## Task to carry out
Transcribe word for word the lines below from the line with "T i k * y k)" through the line with "k = coinner", ends included.

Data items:
--- START ---

lemma indicatory_ricci_contraction:
  assumes "indicatory4 y T"
  shows "indicatory y (\<lambda>i. ricci_contraction gi T i k)" and "indicatory y (ricci_contraction gi T i)"
proof -
  have swap3: "(\<Sum>i\<in>UNIV. \<Sum>a\<in>UNIV. \<Sum>b\<in>UNIV. f i a b) = (\<Sum>a\<in>UNIV. \<Sum>b\<in>UNIV. \<Sum>i\<in>UNIV. (f i a b :: real))"
    for f :: "'a \<Rightarrow> 'a \<Rightarrow> 'a \<Rightarrow> real"
    by (subst sum.swap) (rule sum.cong[OF refl], rule sum.swap)
  have "(\<Sum>i\<in>UNIV. ricci_contraction gi T i k * y i)
      = (\<Sum>i\<in>UNIV. \<Sum>a\<in>UNIV. \<Sum>b\<in>UNIV. gi a b * (T a i b k * y i))"
    unfolding ricci_contraction_def by (simp add: sum_distrib_right sum_distrib_left ac_simps)
  also have "\<dots> = (\<Sum>a\<in>UNIV. \<Sum>b\<in>UNIV. gi a b * (\<Sum>i\<in>UNIV. T a i b k * y i))"
    by (subst swap3) (simp add: sum_distrib_left)
  finally show "indicatory y (\<lambda>i. ricci_contraction gi T i k)"
    using assms unfolding indicatory4_def indicatory_def by simp
  have "(\<Sum>k\<in>UNIV. ricci_contraction gi T i k * y k)
      = (\<Sum>k\<in>UNIV. \<Sum>a\<in>UNIV. \<Sum>b\<in>UNIV. gi a b * (T a i b k * y k))"
    unfolding ricci_contraction_def by (simp add: sum_distrib_right sum_distrib_left ac_simps)
  also have "\<dots> = (\<Sum>a\<in>UNIV. \<Sum>b\<in>UNIV. gi a b * (\<Sum>k\<in>UNIV. T a i b k * y k))"
    by (subst swap3) (simp add: sum_distrib_left)
  finally show "indicatory y (ricci_contraction gi T i)"
    using assms unfolding indicatory4_def indicatory_def by simp
qed

context finsler_point
begin

lemma vcurvature_coinner: "vcurvature gi C a i j k = coinner gi (C i j) (C a k) - coinner gi (C i k) (C a j)"
proof -
  have "(\<Sum>r\<in>UNIV. C i j r * (\<Sum>s\<in>UNIV. gi r s * C a s k)) = coinner gi (C i j) (C a k)" for i j a k
    unfolding coinner_def by (simp add: sum_distrib_left C_swap23[of a _ k] ac_simps)
  then show ?thesis unfolding vcurvature_def sum_subtractf by simp
qed

lemma C_contract_y_left: "(\<Sum>a\<in>UNIV. y a * C a b r) = 0"
proof -
  have "C a b r = C b r a" for a by (metis C_swap12 C_swap23)
  then show ?thesis using C_contract_y[of b r] by (simp add: mult.commute)
qed

lemma C_contract_y_middle: "(\<Sum>a\<in>UNIV. y a * C b a r) = 0"
  using C_contract_y_left[of b r] by (simp add: C_swap12)

lemma indicatory4_vcurvature: "indicatory4 y (vcurvature gi C)"
proof -
  have "(\<Sum>a\<in>UNIV. y a * C b r a) = 0" for b r
    using C_contract_y[of b r] by (simp add: mult.commute)
  then show ?thesis
    unfolding indicatory4_def vcurvature_coinner
    by (intro conjI allI indicatory_diff indicatory_coinner_left indicatory_coinner_right
        C_contract_y_left C_contract_y_middle)
qed

lemma ricci_contraction_kulkarni_nomizu:
  assumes Y1: "\<And>a. indicatory y (Y a)" and Y2: "\<And>b. indicatory y (\<lambda>a. Y a b)"
  shows "ricci_contraction gi (kulkarni_nomizu h Y) i k
    = - (real CARD('n) - 3) * Y i k - trace_contraction gi Y * h i k"
proof -
  have "(\<Sum>a\<in>UNIV. \<Sum>b\<in>UNIV. gi a b * (h a k * Y i b)) = coinner gi (\<lambda>a. h a k) (Y i)"
    unfolding coinner_def by (simp add: ac_simps)
  then have t1: "(\<Sum>a\<in>UNIV. \<Sum>b\<in>UNIV. gi a b * (h a k * Y i b)) = Y i k"
    using coinner_h_left[OF Y1] by simp
  have "(\<Sum>a\<in>UNIV. \<Sum>b\<in>UNIV. gi a b * (h i b * Y a k)) = coinner gi (\<lambda>a. Y a k) (\<lambda>b. h b i)"
    unfolding coinner_def by (simp add: ac_simps h_sym[of i])
  then have t2: "(\<Sum>a\<in>UNIV. \<Sum>b\<in>UNIV. gi a b * (h i b * Y a k)) = Y i k"
    using coinner_h_right[OF Y2] by simp
  have t3: "(\<Sum>a\<in>UNIV. \<Sum>b\<in>UNIV. gi a b * (h b a * Y i k)) = (real CARD('n) - 1) * Y i k"
    using trace_h by (simp add: sum_distrib_right sum_distrib_left h_sym ac_simps flip: trace_h)
  have t4: "(\<Sum>a\<in>UNIV. \<Sum>b\<in>UNIV. gi a b * (h i k * Y b a)) = h i k * trace_contraction gi Y"
    unfolding trace_contraction_def
    by (subst sum.swap) (simp add: sum_distrib_left gi_sym ac_simps)
  have "ricci_contraction gi (kulkarni_nomizu h Y) i k
      = (\<Sum>a\<in>UNIV. \<Sum>b\<in>UNIV. gi a b * (h a k * Y i b)) + (\<Sum>a\<in>UNIV. \<Sum>b\<in>UNIV. gi a b * (h i b * Y a k))
        - (\<Sum>a\<in>UNIV. \<Sum>b\<in>UNIV. gi a b * (h b a * Y i k)) - (\<Sum>a\<in>UNIV. \<Sum>b\<in>UNIV. gi a b * (h i k * Y b a))"
    unfolding ricci_contraction_def kulkarni_nomizu_def by (simp add: sum.distrib sum_subtractf algebra_simps)
  then show ?thesis unfolding t1 t2 t3 t4 by (simp add: algebra_simps)
qed

lemma Mtensor_kulkarni_nomizu:
  assumes "\<And>a. indicatory y (Y a)" "\<And>b. indicatory y (\<lambda>a. Y a b)" and n: "real CARD('n) > 3"
  shows "Mtensor gi h (kulkarni_nomizu h Y) i j = - Y i j"
proof -
  have R: "ricci_contraction gi (kulkarni_nomizu h Y)
      = (\<lambda>i k. (- (real CARD('n) - 3)) * Y i k + (- trace_contraction gi Y) * h i k)"
    using ricci_contraction_kulkarni_nomizu[OF assms(1,2)] by auto
  have trace: "trace_contraction gi h = real CARD('n) - 1"
    unfolding trace_contraction_def using trace_h by simp
  have trace_ricci: "trace_contraction gi (ricci_contraction gi (kulkarni_nomizu h Y))
      = - (2 * real CARD('n) - 4) * trace_contraction gi Y"
    unfolding R trace_contraction_lincomb trace by (simp add: algebra_simps)
  show ?thesis unfolding Mtensor_def trace_ricci unfolding R using n by (simp add: field_simps)
qed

--- END ---

## Output for this exercise
  have "(\<Sum>k\<in>UNIV. ricci_contraction gi T i k * y k)
      = (\<Sum>k\<in>UNIV. \<Sum>a\<in>UNIV. \<Sum>b\<in>UNIV. gi a b * (T a i b k * y k))"
    unfolding ricci_contraction_def by (simp add: sum_distrib_right sum_distrib_left ac_simps)
  also have "\<dots> = (\<Sum>a\<in>UNIV. \<Sum>b\<in>UNIV. gi a b * (\<Sum>k\<in>UNIV. T a i b k * y k))"
    by (subst swap3) (simp add: sum_distrib_left)
  finally show "indicatory y (ricci_contraction gi T i)"
    using assms unfolding indicatory4_def indicatory_def by simp
qed

context finsler_point
begin

lemma vcurvature_coinner: "vcurvature gi C a i j k = coinner gi (C i j) (C a k) - coinner gi (C i k) (C a j)"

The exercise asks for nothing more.